> Aim of the exercise: For the material below, output exactly the span from the line with "real) list \<Rightarrow>" to the line with "(\<lambda>s. sum_list (map (\<lambda>(y, y', k).", including both, and nothing besides.
** Opening Data supplied block **
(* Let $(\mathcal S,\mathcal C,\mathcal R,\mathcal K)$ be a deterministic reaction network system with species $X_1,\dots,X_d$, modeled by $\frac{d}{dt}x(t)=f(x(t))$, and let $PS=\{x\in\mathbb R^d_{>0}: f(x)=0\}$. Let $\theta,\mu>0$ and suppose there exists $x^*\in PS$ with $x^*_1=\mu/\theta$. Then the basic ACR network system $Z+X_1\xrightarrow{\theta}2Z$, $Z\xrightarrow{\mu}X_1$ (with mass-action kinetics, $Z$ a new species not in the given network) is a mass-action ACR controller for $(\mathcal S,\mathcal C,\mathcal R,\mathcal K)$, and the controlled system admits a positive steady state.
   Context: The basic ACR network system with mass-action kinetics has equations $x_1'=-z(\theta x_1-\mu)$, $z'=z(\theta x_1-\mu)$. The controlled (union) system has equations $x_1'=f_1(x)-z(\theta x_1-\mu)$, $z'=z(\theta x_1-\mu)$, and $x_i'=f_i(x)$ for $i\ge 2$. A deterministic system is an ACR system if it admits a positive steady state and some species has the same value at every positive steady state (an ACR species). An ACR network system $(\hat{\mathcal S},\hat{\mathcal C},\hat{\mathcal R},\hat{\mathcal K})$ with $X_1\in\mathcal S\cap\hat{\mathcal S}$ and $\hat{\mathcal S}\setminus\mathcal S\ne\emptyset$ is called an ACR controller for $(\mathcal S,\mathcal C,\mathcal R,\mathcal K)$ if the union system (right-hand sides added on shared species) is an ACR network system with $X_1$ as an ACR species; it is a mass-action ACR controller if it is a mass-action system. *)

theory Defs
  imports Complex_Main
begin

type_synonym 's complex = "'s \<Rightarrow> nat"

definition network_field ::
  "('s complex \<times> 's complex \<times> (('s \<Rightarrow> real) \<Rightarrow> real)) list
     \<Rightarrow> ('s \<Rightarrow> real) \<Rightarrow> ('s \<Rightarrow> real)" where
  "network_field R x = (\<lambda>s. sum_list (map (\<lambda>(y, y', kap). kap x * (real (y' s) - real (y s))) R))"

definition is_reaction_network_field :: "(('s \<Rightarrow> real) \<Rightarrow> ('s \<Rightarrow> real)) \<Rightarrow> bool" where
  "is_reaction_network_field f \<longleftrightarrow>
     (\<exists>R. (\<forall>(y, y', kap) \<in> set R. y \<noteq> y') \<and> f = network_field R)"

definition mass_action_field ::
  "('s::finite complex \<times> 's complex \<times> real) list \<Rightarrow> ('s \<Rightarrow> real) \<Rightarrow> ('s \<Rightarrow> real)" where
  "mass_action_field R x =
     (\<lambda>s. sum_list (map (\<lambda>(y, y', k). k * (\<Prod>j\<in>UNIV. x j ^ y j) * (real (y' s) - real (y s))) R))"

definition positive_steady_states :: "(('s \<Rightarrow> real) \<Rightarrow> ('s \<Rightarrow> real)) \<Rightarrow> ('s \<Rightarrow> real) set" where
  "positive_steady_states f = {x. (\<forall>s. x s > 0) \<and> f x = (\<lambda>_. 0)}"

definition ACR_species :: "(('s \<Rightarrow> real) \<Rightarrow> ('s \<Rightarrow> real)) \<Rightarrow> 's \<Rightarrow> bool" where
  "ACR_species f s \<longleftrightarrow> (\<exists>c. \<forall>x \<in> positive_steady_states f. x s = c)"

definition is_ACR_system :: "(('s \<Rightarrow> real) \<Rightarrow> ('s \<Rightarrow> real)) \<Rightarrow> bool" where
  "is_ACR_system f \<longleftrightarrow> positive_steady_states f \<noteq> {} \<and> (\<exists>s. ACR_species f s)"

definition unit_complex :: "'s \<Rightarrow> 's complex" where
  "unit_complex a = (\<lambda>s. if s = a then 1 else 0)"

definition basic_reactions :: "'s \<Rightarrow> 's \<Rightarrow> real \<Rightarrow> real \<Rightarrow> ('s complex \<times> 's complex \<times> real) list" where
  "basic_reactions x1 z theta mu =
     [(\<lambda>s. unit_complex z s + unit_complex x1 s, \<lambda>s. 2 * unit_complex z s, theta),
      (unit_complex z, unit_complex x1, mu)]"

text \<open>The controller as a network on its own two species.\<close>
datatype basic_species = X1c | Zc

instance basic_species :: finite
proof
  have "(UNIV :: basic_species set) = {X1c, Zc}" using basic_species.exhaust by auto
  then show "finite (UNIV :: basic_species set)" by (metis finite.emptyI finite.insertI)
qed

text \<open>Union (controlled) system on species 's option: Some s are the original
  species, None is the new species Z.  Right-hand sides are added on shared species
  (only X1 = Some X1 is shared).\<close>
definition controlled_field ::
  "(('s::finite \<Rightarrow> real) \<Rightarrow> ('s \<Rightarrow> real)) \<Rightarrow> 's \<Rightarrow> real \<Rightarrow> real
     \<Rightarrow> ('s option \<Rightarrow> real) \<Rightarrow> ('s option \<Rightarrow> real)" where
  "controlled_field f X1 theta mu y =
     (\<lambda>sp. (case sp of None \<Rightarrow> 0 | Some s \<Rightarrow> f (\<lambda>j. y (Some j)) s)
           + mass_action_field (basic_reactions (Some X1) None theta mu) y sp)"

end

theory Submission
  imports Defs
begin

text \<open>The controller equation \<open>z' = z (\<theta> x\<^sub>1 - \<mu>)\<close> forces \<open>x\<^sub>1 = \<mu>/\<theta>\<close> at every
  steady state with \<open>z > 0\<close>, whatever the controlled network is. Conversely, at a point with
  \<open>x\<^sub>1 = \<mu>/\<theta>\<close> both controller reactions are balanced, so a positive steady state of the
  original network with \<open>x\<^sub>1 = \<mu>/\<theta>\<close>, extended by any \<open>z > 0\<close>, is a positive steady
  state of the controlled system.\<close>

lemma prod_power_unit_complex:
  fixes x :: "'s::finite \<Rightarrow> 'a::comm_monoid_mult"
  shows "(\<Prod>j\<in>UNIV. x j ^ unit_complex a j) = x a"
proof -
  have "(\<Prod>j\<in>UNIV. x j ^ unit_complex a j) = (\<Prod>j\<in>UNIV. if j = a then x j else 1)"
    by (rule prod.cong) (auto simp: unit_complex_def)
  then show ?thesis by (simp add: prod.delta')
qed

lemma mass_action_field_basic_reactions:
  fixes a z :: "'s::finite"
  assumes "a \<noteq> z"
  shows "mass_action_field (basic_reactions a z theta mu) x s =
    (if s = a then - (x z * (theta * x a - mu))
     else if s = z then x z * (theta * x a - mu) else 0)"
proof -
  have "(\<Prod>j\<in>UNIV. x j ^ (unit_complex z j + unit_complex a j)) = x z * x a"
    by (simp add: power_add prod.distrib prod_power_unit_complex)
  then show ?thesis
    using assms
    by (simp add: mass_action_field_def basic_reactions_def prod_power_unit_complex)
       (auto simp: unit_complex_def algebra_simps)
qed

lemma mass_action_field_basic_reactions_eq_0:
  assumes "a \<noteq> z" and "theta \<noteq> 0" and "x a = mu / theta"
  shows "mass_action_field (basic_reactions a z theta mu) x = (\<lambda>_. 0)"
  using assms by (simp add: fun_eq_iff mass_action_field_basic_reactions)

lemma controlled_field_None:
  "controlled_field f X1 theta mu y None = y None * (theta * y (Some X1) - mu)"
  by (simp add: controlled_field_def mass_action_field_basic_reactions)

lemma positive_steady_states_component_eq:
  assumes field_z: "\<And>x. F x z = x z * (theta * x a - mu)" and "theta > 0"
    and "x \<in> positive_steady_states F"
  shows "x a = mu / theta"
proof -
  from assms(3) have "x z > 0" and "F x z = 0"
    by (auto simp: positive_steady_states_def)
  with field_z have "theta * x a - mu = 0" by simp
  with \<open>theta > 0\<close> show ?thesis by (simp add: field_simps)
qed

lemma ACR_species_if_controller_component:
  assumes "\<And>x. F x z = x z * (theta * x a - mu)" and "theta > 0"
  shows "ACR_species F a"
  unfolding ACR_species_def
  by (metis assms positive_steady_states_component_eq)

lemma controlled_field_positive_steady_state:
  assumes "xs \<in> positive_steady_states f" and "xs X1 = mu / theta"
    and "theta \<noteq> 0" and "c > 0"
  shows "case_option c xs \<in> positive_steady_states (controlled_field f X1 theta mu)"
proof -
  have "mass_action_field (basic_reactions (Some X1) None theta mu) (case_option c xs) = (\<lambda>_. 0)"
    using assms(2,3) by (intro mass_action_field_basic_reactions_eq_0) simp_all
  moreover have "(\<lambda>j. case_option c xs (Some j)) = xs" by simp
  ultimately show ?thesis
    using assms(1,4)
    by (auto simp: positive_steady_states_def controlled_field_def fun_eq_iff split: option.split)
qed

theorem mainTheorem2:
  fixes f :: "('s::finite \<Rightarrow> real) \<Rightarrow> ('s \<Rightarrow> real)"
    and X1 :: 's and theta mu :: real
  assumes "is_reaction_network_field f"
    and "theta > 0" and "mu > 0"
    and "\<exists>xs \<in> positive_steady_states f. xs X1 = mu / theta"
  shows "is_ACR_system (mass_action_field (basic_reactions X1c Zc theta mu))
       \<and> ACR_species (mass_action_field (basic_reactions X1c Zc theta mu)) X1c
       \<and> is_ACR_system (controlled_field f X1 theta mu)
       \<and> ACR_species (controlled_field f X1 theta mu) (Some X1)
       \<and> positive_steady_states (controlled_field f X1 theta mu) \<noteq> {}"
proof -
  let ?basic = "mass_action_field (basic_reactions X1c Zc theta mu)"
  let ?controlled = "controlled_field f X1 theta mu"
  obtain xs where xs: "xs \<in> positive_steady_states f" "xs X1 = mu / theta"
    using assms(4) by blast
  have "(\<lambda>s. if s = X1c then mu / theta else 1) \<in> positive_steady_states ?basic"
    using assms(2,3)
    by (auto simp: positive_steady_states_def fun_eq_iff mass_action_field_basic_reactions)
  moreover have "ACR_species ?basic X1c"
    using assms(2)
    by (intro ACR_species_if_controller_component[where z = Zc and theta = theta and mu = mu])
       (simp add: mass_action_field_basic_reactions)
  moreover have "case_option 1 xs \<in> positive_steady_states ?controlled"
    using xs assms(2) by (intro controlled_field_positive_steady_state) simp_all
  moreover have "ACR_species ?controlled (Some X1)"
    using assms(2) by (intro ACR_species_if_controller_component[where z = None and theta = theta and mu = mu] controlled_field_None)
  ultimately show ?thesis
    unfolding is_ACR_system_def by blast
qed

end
** Closing Data supplied block **
> Problem solution:
  "('s::finite complex \<times> 's complex \<times> real) list \<Rightarrow> ('s \<Rightarrow> real) \<Rightarrow> ('s \<Rightarrow> real)" where
  "mass_action_field R x =
     (\<lambda>s. sum_list (map (\<lambda>(y, y', k). k * (\<Prod>j\<in>UNIV. x j ^ y j) * (real (y' s) - real (y s))) R))"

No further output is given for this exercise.